Wo müsste ich die Luft zuleiten um einen Luftheber zu benutzen? Die Pumpen würden ja am Ende des Filtergrabens sitzen...

Am Wochenende war Baubeginn der Stützwand für den Filtergraben, jetzt gibts kein Zurück mehr...


----------



## berchschorsch (26. Juni 2017)

Eins hab ich noch vergessen, Abläufe kann ich noch nicht planen, hier sind Felsbänke, für unser Haus wurde beim Bau gesprengt... Wir wissen also noch nicht was und am Ende erwartet wenn der Bagger kommt um den Teich auszuheben, der Hydraulikhammer ist auf alle Fälle dabei...

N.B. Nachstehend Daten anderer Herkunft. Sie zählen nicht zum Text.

(* Let $R$ be a commutative ring with unit and let $S\subset\mathbb{N}$ be $R$-admissible. Then for each $m,n\in S$ with $m\mid n$ the homomorphism $\rho^R_{\langle n\rangle,\langle m\rangle}\colon R[q]^{\langle n\rangle}\to R[q]^{\langle m\rangle}$ is injective. Hence, regarding each $R[q]^{\langle n\rangle}$ ($n\in S$) as an $R$-subalgebra of $R[q]^{\langle1\rangle}=R[[q-1]]$ via these maps, $R[q]^S$ is identified with the intersection $\bigcap_{n\in S}R[q]^{\langle n\rangle}$. In particular, if $m,n\in\mathbb{N}$ and $m\mid n$, then $\rho^{\mathbb{Z}}_{\langle n\rangle,\langle m\rangle}\colon\mathbb{Z}[q]^{\langle n\rangle}\to\mathbb{Z}[q]^{\langle m\rangle}$ is injective, and $\mathbb{Z}[q]^{\mathbb{N}}=\bigcap_{n\in\mathbb{N}}\mathbb{Z}[q]^{\langle n\rangle}$ inside $\mathbb{Z}[[q-1]]$.
   Context: $q$ is an indeterminate, $\Phi_n(q)$ the $n$th cyclotomic polynomial. For $S\subset\mathbb{N}$, $\Phi_S^*$ is the multiplicative subset of $\mathbb{Z}[q]$ generated by $\{\Phi_k(q):k\in S\}$, directed by divisibility, and $R[q]^S=\varprojlim_{f\in\Phi_S^*}R[q]/(f)$; for $S'\subset S$, $\rho^R_{S,S'}$ is induced by the identity of $R[q]$. For $n\in\mathbb{N}$, $\langle n\rangle=\{k\in\mathbb{N}:k\mid n\}$, so $R[q]^{\langle n\rangle}=\varprojlim_j R[q]/(q^n-1)^j$. $R$ is $p$-adically separated if $\bigcap_j p^jR=(0)$. For $k,k'\in\mathbb{N}$, $k\Leftrightarrow_R k'$ means $k=k'$, or $k/k'$ is an integer power (positive or negative exponent) of a prime $p$ with $R$ $p$-adically separated, or $R=\{0\}$. A subset $S\subset\mathbb{N}$ is $R$-admissible if it is nonempty, any two of its elements are joined by a finite chain in $S$ with consecutive elements related by $\Leftrightarrow_R$, $S$ is directed under divisibility, and $n\in S$ implies $\langle n\rangle\subset S$. *)

theory Defs
  imports "HOL-Computational_Algebra.Computational_Algebra" "HOL-Library.Multiset"
begin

Als der Bagger letzte Woche die Löcher für die Pfosten der Stützwand gebohrt hat gingen dabei zwei Bohrer kaputt an einer Felsbank...

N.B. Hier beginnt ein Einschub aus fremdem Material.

lemma semilinear_cycle_lines_of_inj:
  assumes "semilinear_cycle V nxt prv K g a" and "\<forall>u\<in>V. \<forall>y\<in>K (prv u). g u y = 0 \<longrightarrow> y = 0"
  shows "\<exists>y. invariant_lines V prv K g y"
  using assms
proof (induction "card V" arbitrary: V nxt prv g a rule: less_induct)
  case less
  note sys = less.prems(1) and inj = less.prems(2)
  note D = semilinear_cycleD[OF sys]
  show ?case
  proof (cases "V = {}")
    case False
    then obtain x where "x \<in> V"
      by blast
    show ?thesis
    proof (cases "prv x = x")
      case True
      then show ?thesis
        by (rule semilinear_cycle_lines_singleton[OF sys \<open>x \<in> V\<close>])
    next
      case False
      have "nxt x \<in> V - {x}" and "prv x \<in> V - {x}"
        using cycle_onD[OF D(1) \<open>x \<in> V\<close>] False by auto
      have "\<forall>u\<in>V - {x}. \<forall>y\<in>K ((prv(nxt x := prv x)) u). (g(nxt x := g (nxt x) \<circ> g x)) u y = 0 \<longrightarrow> y = 0"
        using inj semilinear_on_into[OF D(5)[OF \<open>x \<in> V\<close>]] \<open>nxt x \<in> V - {x}\<close>
          cycle_onD(3)[OF D(1) \<open>x \<in> V\<close>] \<open>x \<in> V\<close> by auto
      then obtain y where y: "invariant_lines (V - {x}) (prv(nxt x := prv x)) K (g(nxt x := g (nxt x) \<circ> g x)) y"
        using less.hyps[OF card_Diff1_less[OF D(2) \<open>x \<in> V\<close>] semilinear_cycle_remove[OF sys \<open>x \<in> V\<close> False]]
        by blast
      have "y (prv x) \<in> K (prv x)" "y (prv x) \<noteq> 0" "(g (nxt x) \<circ> g x) (y (prv x)) \<in> span {y (nxt x)}"
        using y[unfolded invariant_lines_def, rule_format, OF \<open>prv x \<in> V - {x}\<close>]
          y[unfolded invariant_lines_def, rule_format, OF \<open>nxt x \<in> V - {x}\<close>] False by simp_all
      moreover from this have "g x (y (prv x)) \<in> K x" and "g x (y (prv x)) \<noteq> 0"
        using semilinear_on_into[OF D(5)[OF \<open>x \<in> V\<close>]] inj \<open>x \<in> V\<close> by auto
      ultimately show ?thesis
        using invariant_lines_remove_extend[OF D(1) \<open>x \<in> V\<close> False y, of "g x (y (prv x))"]
          span_base[of "g x (y (prv x))" "{g x (y (prv x))}"] by auto
    qed
  qed (auto simp: invariant_lines_def)
qed

lemma semilinear_cycle_images:
  assumes sys: "semilinear_cycle V nxt prv K g a" and nonzero: "\<forall>u\<in>V. \<exists>y\<in>K (prv u). g u y \<noteq> 0"
  shows "semilinear_cycle V nxt prv (\<lambda>u. g u ` K (prv u)) g a"
proof -
  note D = semilinear_cycleD[OF sys]
  have sub: "g u ` K (prv u) \<subseteq> K u" if "u \<in> V" for u
    using semilinear_on_into[OF D(5)[OF that]] by blast
  have "subspace (g u ` K (prv u))" if "u \<in> V" for u
    by (rule subspace_semilinear_image[OF D(5)[OF that] D(3)[OF cycle_onD(2)[OF D(1) that]]
          surj_frob_pow[OF prime_char]])
  moreover have "0 < dim (g u ` K (prv u))" if u: "u \<in> V" for u
  proof -
    obtain y where "y \<in> K (prv u)" "g u y \<noteq> 0"
      using nonzero u by blast
    then show ?thesis
      using dim_pos_of_nonzero[OF sub[OF u] D(4)[OF u], of "g u y"] by simp
  qed
  moreover have "semilinear_on scale (frob_pow CHAR('a) (a u)) (g (prv u) ` K (prv (prv u))) (g u ` K (prv u)) (g u)"
    if "u \<in> V" for u
    using semilinear_on_subset[OF D(5)[OF that] sub[OF cycle_onD(2)[OF D(1) that]]
        image_mono[OF sub[OF cycle_onD(2)[OF D(1) that]]]] .
  ultimately show ?thesis
    using D(1,2) by (simp add: semilinear_cycle_def)
qed

lemma semilinear_cycle_lines:
  assumes "semilinear_cycle V nxt prv K g a"
  shows "\<exists>y. invariant_lines V prv K g y"
  using assms
proof (induction "\<Sum>u\<in>V. dim (K u)" arbitrary: K rule: less_induct)
  case less
  note sys = less.prems and D = semilinear_cycleD[OF less.prems]
  consider (zero) j where "j \<in> V" "\<forall>y\<in>K (prv j). g j y = 0"
    | (surj) "\<forall>u\<in>V. g u ` K (prv u) = K u"
    | (shrink) j where "j \<in> V" "g j ` K (prv j) \<noteq> K j" "\<forall>u\<in>V. \<exists>y\<in>K (prv u). g u y \<noteq> 0"
    by blast
  then show ?case
  proof cases
    case zero
    then show ?thesis
      by (rule semilinear_cycle_lines_of_zero[OF sys])
  next
    case surj
    have "y = 0" if "u \<in> V" "y \<in> K (prv u)" "g u y = 0" for u y
      by (rule cycle_surj_imp_inj[where K = K and g = g, OF D(1,2) _ D(5) _ that])
        (use D(3,4) surj in simp_all)
    then show ?thesis
      by (intro semilinear_cycle_lines_of_inj[OF sys]) blast
  next
    case shrink
    let ?U = "\<lambda>u. g u ` K (prv u)"
    note U = semilinear_cycleD[OF semilinear_cycle_images[OF sys shrink(3)]]
    have sub: "?U u \<subseteq> K u" if "u \<in> V" for u
      using semilinear_on_into[OF D(5)[OF that]] by blast
    have le: "dim (?U u) \<le> dim (K u)" if "u \<in> V" for u
      by (rule dim_subset_pos[OF sub[OF that] D(4)[OF that]])
    moreover have "dim (?U j) < dim (K j)"
      using le[OF shrink(1)] subspace_eq_of_dim_eq[OF U(3)[OF shrink(1)] sub[OF shrink(1)] D(4)[OF shrink(1)]]
        shrink(2) by linarith
    ultimately have "(\<Sum>u\<in>V. dim (?U u)) < (\<Sum>u\<in>V. dim (K u))"
      using \<open>j \<in> V\<close> by (intro sum_strict_mono_ex1[OF D(2)]) blast+
    then obtain y where y: "invariant_lines V prv ?U g y"
      using less.hyps[OF _ semilinear_cycle_images[OF sys shrink(3)]] by blast
    with sub show ?thesis
      unfolding invariant_lines_def by blast
  qed
qed

end

section \<open>Pairs of maps with vanishing composites\<close>

context prime_char_vector_space
begin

Teichbau wie ein Überraschungsei...


----------



## berchschorsch (26. Juni 2017)

Hier ein Bild vom bisherigen Bau...


----------



## Teichfreund77 (26. Juni 2017)

Das wird also ein etwas größeres Projekt 
Da bin ich mal gespannt wie es weiter geht.


----------



## berchschorsch (30. Juni 2017)

Heute war der Bagger da um Filtergraben und Filter auszubuddeln... Die Felsen waren bisher kein großes Problem, ich hoffe das bleibt so...

     

Auf dem ersten Bild sieht man den Platz für den Filter, dazu brauche ich dringend eure Hilfe...

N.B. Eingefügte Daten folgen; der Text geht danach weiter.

(* Let $V$ be a complex normed vector space, $x=\{x_n\}_{n=1}^\infty\in l^{\infty}(V)$ and $v\in V$. Then $x$ is strongly almost convergent to $v$ if and only if $$\lim_{n\rightarrow\infty}\frac{1}{n}\sum_{i=0}^{n-1}x_{i+j}=v$$ uniformly in $j\in\mathbb{N}$, i.e. $\sup_{j\in\mathbb{N}}\left\|\frac1n\sum_{i=0}^{n-1}x_{i+j}-v\right\|_V\to0$ as $n\to\infty$.
   Context: $\mathbb{N}=\{1,2,3,\dots\}$. $l^{\infty}(V)$ is the space of bounded sequences $x=\{x_n\}_{n=1}^\infty$ in $V$ with norm $\|x\|_\infty=\sup_n\|x_n\|_V$. For $v\in V$, $\widetilde v=\{v,v,\dots\}$. $T$ is the left shift: $T\{x_1,x_2,\dots\}=\{x_2,x_3,\dots\}$. A Banach limit functional is a bounded linear functional $L$ on $l^\infty(V)$ with $\|L\|\le1$ and $L(Tx)=L(x)$ for all $x$. A sequence $x\in l^\infty(V)$ is strongly almost convergent to $v\in V$ if $L(x)=L(\widetilde v)$ for every Banach limit functional $L$. *)

theory Defs
  imports "HOL-Analysis.Analysis"
begin

text \<open>A complex normed vector space is modelled as a real normed vector space
  together with a real-linear operator J (multiplication by the imaginary unit)
  with J (J v) = - v, such that the induced complex scalar multiplication
  c v = Re c v + Im c J v is absolutely homogeneous for the norm.\<close>

definition cscale :: "('a::real_normed_vector \<Rightarrow> 'a) \<Rightarrow> complex \<Rightarrow> 'a \<Rightarrow> 'a" where
  "cscale J c v = Re c *\<^sub>R v + Im c *\<^sub>R J v"

definition complex_structure :: "('a::real_normed_vector \<Rightarrow> 'a) \<Rightarrow> bool" where
  "complex_structure J \<longleftrightarrow> linear J \<and> (\<forall>v. J (J v) = - v) \<and>
     (\<forall>c v. norm (cscale J c v) = cmod c * norm v)"

text \<open>l-infinity of V: bounded sequences (indexed from 0), with the sup norm.\<close>

definition linf :: "(nat \<Rightarrow> 'a::real_normed_vector) set" where
  "linf = {x. bounded (range x)}"

definition linf_norm :: "(nat \<Rightarrow> 'a::real_normed_vector) \<Rightarrow> real" where
  "linf_norm x = (SUP n. norm (x n))"

definition banach_limit :: "('a::real_normed_vector \<Rightarrow> 'a) \<Rightarrow> ((nat \<Rightarrow> 'a) \<Rightarrow> complex) \<Rightarrow> bool" where
  "banach_limit J L \<longleftrightarrow>
     (\<forall>x\<in>linf. \<forall>y\<in>linf. L (\<lambda>n. x n + y n) = L x + L y) \<and>
     (\<forall>c. \<forall>x\<in>linf. L (\<lambda>n. cscale J c (x n)) = c * L x) \<and>
     (\<forall>x\<in>linf. cmod (L x) \<le> linf_norm x) \<and>
     (\<forall>x\<in>linf. L (\<lambda>n. x (Suc n)) = L x)"

definition strongly_almost_convergent ::
  "('a::real_normed_vector \<Rightarrow> 'a) \<Rightarrow> (nat \<Rightarrow> 'a) \<Rightarrow> 'a \<Rightarrow> bool" where
  "strongly_almost_convergent J x v \<longleftrightarrow>
     (\<forall>L. banach_limit J L \<longrightarrow> L x = L (\<lambda>_. v))"

end

theory Submission
  imports Defs
begin

text \<open>
  For a bounded sequence y put q(y) = limsup_n sup_j |(1/n) (y j + ... + y (j + n - 1))|.
  The proof shows that, for every bounded d, q(d) is the largest value of |L d| over all
  Banach limits L, and that this maximum is attained.  Then x is strongly almost
  convergent to v iff q(x - v) = 0, and q(x - v) = 0 says precisely that the Cesaro
  means of x converge to v uniformly in the window start.
\<close>

definition sublinear :: "('b::real_vector \<Rightarrow> real) \<Rightarrow> bool" where
  "sublinear p \<longleftrightarrow> (\<forall>a b. p (a + b) \<le> p a + p b) \<and> (\<forall>c a. 0 \<le> c \<longrightarrow> p (c *\<^sub>R a) = c * p a)"

lemma sublinearD:
  assumes "sublinear p"
  shows sublinear_add: "p (a + b) \<le> p a + p b"
    and sublinear_scale: "0 \<le> c \<Longrightarrow> p (c *\<^sub>R a) = c * p a"
  using assms unfolding sublinear_def by auto

lemma sublinear_neg:
  assumes "sublinear p"
  shows "- p (- a) \<le> p a"
proof -
  have "p 0 = 0" using sublinear_scale[OF assms, of 0 0] by simp
  then show ?thesis using sublinear_add[OF assms, of a "- a"] by simp
qed

text \<open>Graphs of partial linear functionals on a real vector space which are dominated
  by a function p: subspaces of the product with R, lying below the graph of p, and
  single-valued (equivalently, containing no point (0, r) with r non-zero).\<close>

definition dominated_graph :: "('b::real_vector \<Rightarrow> real) \<Rightarrow> ('b \<times> real) set \<Rightarrow> bool" where
  "dominated_graph p G \<longleftrightarrow>
     subspace G \<and> (\<forall>(a, r)\<in>G. r \<le> p a) \<and> (\<forall>r. (0, r) \<in> G \<longrightarrow> r = 0)"

lemma dominated_graph_functional:
  assumes "dominated_graph p G" "(a, r) \<in> G" "(a, s) \<in> G"
  shows "r = s"
proof -
  have "(a, r) - (a, s) \<in> G"
    using assms subspace_diff unfolding dominated_graph_def by blast
  then show ?thesis using assms(1) unfolding dominated_graph_def by auto
qed

lemma dominated_graph_line:
  assumes p: "sublinear p"
  shows "dominated_graph p (range (\<lambda>t. (t *\<^sub>R z, t * p z)))"
proof -
  have "subspace (range (\<lambda>t. (t *\<^sub>R z, t * p z)))"
    unfolding subspace_def
  proof (intro conjI ballI allI)
    show "0 \<in> range (\<lambda>t. (t *\<^sub>R z, t * p z))"
      by (rule image_eqI[of _ _ 0]) (auto simp: zero_prod_def)
  next
    fix u w assume "u \<in> range (\<lambda>t. (t *\<^sub>R z, t * p z))" "w \<in> range (\<lambda>t. (t *\<^sub>R z, t * p z))"
    then obtain s t where "u = (s *\<^sub>R z, s * p z)" "w = (t *\<^sub>R z, t * p z)" by auto
    then show "u + w \<in> range (\<lambda>t. (t *\<^sub>R z, t * p z))"
      by (intro image_eqI[of _ _ "s + t"]) (auto simp: algebra_simps)
  next
    fix c u assume "u \<in> range (\<lambda>t. (t *\<^sub>R z, t * p z))"
    then obtain s where "u = (s *\<^sub>R z, s * p z)" by auto
    then show "c *\<^sub>R u \<in> range (\<lambda>t. (t *\<^sub>R z, t * p z))"
      by (intro image_eqI[of _ _ "c * s"]) auto
  qed
  moreover have "t * p z \<le> p (t *\<^sub>R z)" for t
  proof (cases "t \<ge> 0")
    case True then show ?thesis using sublinear_scale[OF p] by simp
  next
    case False
    have "t * p z \<le> (- t) * p (- z)"
      using mult_left_mono_neg[OF sublinear_neg[OF p, of z], of t] False by simp
    also have "\<dots> = p (t *\<^sub>R z)" using sublinear_scale[OF p, of "- t" "- z"] False by simp
    finally show ?thesis .
  qed
  moreover have "r = 0" if "(0, r) \<in> range (\<lambda>t. (t *\<^sub>R z, t * p z))" for r
    using that sublinear_scale[OF p, of 0 0] by auto
  ultimately show ?thesis unfolding dominated_graph_def by auto
qed

lemma dominated_graph_Union_chain:
  assumes C: "chain\<^sub>\<subseteq> C" "C \<noteq> {}" and CD: "\<And>G. G \<in> C \<Longrightarrow> dominated_graph p G"
  shows "dominated_graph p (\<Union>C)"
proof -
  have common: "\<exists>G\<in>C. u \<in> G \<and> w \<in> G" if "u \<in> \<Union>C" "w \<in> \<Union>C" for u w
    using that C(1) unfolding chain_subset_def by blast
  have "subspace (\<Union>C)"
    unfolding subspace_def
  proof (intro conjI ballI allI)
    show "0 \<in> \<Union>C" using C(2) CD subspace_0 unfolding dominated_graph_def by blast
  next
    fix u w assume "u \<in> \<Union>C" "w \<in> \<Union>C"
    then show "u + w \<in> \<Union>C"
      using common CD subspace_add unfolding dominated_graph_def by blast
  next
    fix c u assume "u \<in> \<Union>C"
    then show "c *\<^sub>R u \<in> \<Union>C" using CD subspace_scale unfolding dominated_graph_def by blast
  qed
  then show ?thesis using CD unfolding dominated_graph_def by blast
qed

text \<open>The key inequality of the one-step extension: for graph points (a, r), (b, s)
  the values r - p(a - w) never exceed p(b + w) - s, so a value c fits between them.\<close>

lemma dominated_graph_extension_value:
  assumes p: "sublinear p" and G: "dominated_graph p G"
  obtains c where "\<And>a r. (a, r) \<in> G \<Longrightarrow> r - p (a - w) \<le> c"
    and "\<And>b s. (b, s) \<in> G \<Longrightarrow> c \<le> p (b + w) - s"
proof -
  have key: "r - p (a - w) \<le> p (b + w) - s" if "(a, r) \<in> G" "(b, s) \<in> G" for a r b s
  proof -
    have "(a, r) + (b, s) \<in> G" using G that subspace_add unfolding dominated_graph_def by blast
    then have "r + s \<le> p ((a - w) + (b + w))" using G unfolding dominated_graph_def by auto
    also have "\<dots> \<le> p (a - w) + p (b + w)" by (rule sublinear_add[OF p])
    finally show ?thesis by simp
  qed
  define S where "S = {r - p (a - w) | a r. (a, r) \<in> G}"
  have 0: "(0, 0) \<in> G"
    using G subspace_0[of G] unfolding dominated_graph_def by (simp add: zero_prod_def)
  have ne: "S \<noteq> {}" using 0 unfolding S_def by blast
  have bdd: "bdd_above S"
    unfolding bdd_above_def S_def by (rule exI[of _ "p w"]) (auto dest: key[OF _ 0])
  show ?thesis
  proof (rule that[of "Sup S"])
    fix a r assume "(a, r) \<in> G"
    then have "r - p (a - w) \<in> S" unfolding S_def by blast
    then show "r - p (a - w) \<le> Sup S" using bdd by (rule cSup_upper)
  next
    fix b s assume bs: "(b, s) \<in> G"
    show "Sup S \<le> p (b + w) - s"
      by (rule cSup_least[OF ne]) (auto simp: S_def dest: key[OF _ bs])
  qed
qed

definition graph_extend :: "('b::real_vector \<times> real) set \<Rightarrow> 'b \<Rightarrow> real \<Rightarrow> ('b \<times> real) set" where
  "graph_extend G w c = {(a + t *\<^sub>R w, r + t * c) | a r t. (a, r) \<in> G}"

lemma subspace_graph_extend:
  assumes G: "subspace G"
  shows "subspace (graph_extend G w c)"
  unfolding subspace_def
proof (intro conjI ballI allI)
  show "0 \<in> graph_extend G w c"
    using subspace_0[OF G] unfolding graph_extend_def zero_prod_def by force
next
  fix u u' assume "u \<in> graph_extend G w c" "u' \<in> graph_extend G w c"
  then obtain a r t b s t' where u: "u = (a + t *\<^sub>R w, r + t * c)" "(a, r) \<in> G"
    and u': "u' = (b + t' *\<^sub>R w, s + t' * c)" "(b, s) \<in> G" unfolding graph_extend_def by blast
  have "(a + b, r + s) \<in> G" using subspace_add[OF G u(2) u'(2)] by simp
  then show "u + u' \<in> graph_extend G w c" unfolding graph_extend_def u u'
    by (intro CollectI exI[of _ "a + b"] exI[of _ "r + s"] exI[of _ "t + t'"])
       (auto simp: algebra_simps)
next
  fix k u assume "u \<in> graph_extend G w c"
  then obtain a r t where u: "u = (a + t *\<^sub>R w, r + t * c)" "(a, r) \<in> G"
    unfolding graph_extend_def by blast
  have "(k *\<^sub>R a, k * r) \<in> G" using subspace_scale[OF G u(2), of k] by simp
  then show "k *\<^sub>R u \<in> graph_extend G w c" unfolding graph_extend_def u
    by (intro CollectI exI[of _ "k *\<^sub>R a"] exI[of _ "k * r"] exI[of _ "k * t"])
       (auto simp: algebra_simps)
qed

text \<open>With c chosen as above, the extended graph is still dominated by p: rescale a
  point (a + t w, r + t c) by 1/|t| and use the bound on the corresponding side.\<close>

lemma graph_extend_dominated:
  assumes p: "sublinear p" and G: "subspace G" "\<forall>(a, r)\<in>G. r \<le> p a"
    and low: "\<And>a r. (a, r) \<in> G \<Longrightarrow> r - p (a - w) \<le> c"
    and up: "\<And>b s. (b, s) \<in> G \<Longrightarrow> c \<le> p (b + w) - s"
    and ar: "(a, r) \<in> G"
  shows "r + t * c \<le> p (a + t *\<^sub>R w)"
proof -
  have scaled: "((1 / u) *\<^sub>R a, (1 / u) * r) \<in> G" for u
    using subspace_scale[OF G(1) ar, of "1 / u"] by simp
  consider "t > 0" | "t = 0" | "t < 0" by linarith
  then show ?thesis
  proof cases
    case 1
    have "t * c \<le> t * (p ((1 / t) *\<^sub>R a + w) - (1 / t) * r)"
      using up[OF scaled] 1 by (intro mult_left_mono) auto
    also have "\<dots> = p (t *\<^sub>R ((1 / t) *\<^sub>R a + w)) - r"
      using 1 sublinear_scale[OF p] by (simp add: right_diff_distrib)
    also have "t *\<^sub>R ((1 / t) *\<^sub>R a + w) = a + t *\<^sub>R w" using 1 by (simp add: scaleR_add_right)
    finally show ?thesis by simp
  next
    case 2 then show ?thesis using G(2) ar by auto
  next
    case 3
    define u where "u = - t"
    have u: "u > 0" using 3 by (simp add: u_def)
    have "a + t *\<^sub>R w = u *\<^sub>R ((1 / u) *\<^sub>R a - w)"
      using u by (simp add: u_def scaleR_diff_right)
    then have "p (a + t *\<^sub>R w) = u * p ((1 / u) *\<^sub>R a - w)"
      using sublinear_scale[OF p] u by simp
    then have "r - p (a + t *\<^sub>R w) = u * ((1 / u) * r - p ((1 / u) *\<^sub>R a - w))"
      using u by (simp add: right_diff_distrib)
    also have "\<dots> \<le> u * c" using low[OF scaled] u by (intro mult_left_mono) auto
    finally show ?thesis by (simp add: u_def)
  qed
qed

Wie geschrieben sollen die Abmessungen ca. 2,5x2,5x1m werden, er soll 5 Kammern bekommen und eventuell mit Lufthebetechnik anstatt Pumpen laufen, irgendwo hatte ich meine ich gelesen das man einen Kubikmeter Wasser mit einem Watt Stromleistung bewegen kann... Ich werde mal meine Vorstellung davon versuchen zu konstruieren und stelle euch den dann vor... Ich hoffe ihr könnt mir da mit sehr viel Rat zur Seite stehen da ich das jetzt recht kurzfristig planen muss und nicht so viel Zeit habe mich damit ausführlich zu beschäftigen...

Danke im Voraus...!


----------



## Teich4You (1. Juli 2017)

berchschorsch schrieb:


> Wie geschrieben sollen die Abmessungen ca. 2,5x2,5x1m werden, er soll 5 Kammern bekommen und eventuell mit Lufthebetechnik


Für 5 Kammern und Luftheber nicht viel Platz. Der Luftheber sollte auch tiefer als 1m sitzen.


----------



## berchschorsch (2. Juli 2017)

Guten Morgen, jetzt hab ich mal einen Filter konstruiert wie ich ihn mir vorstelle, ich bitte um eure Meinung und Kritik...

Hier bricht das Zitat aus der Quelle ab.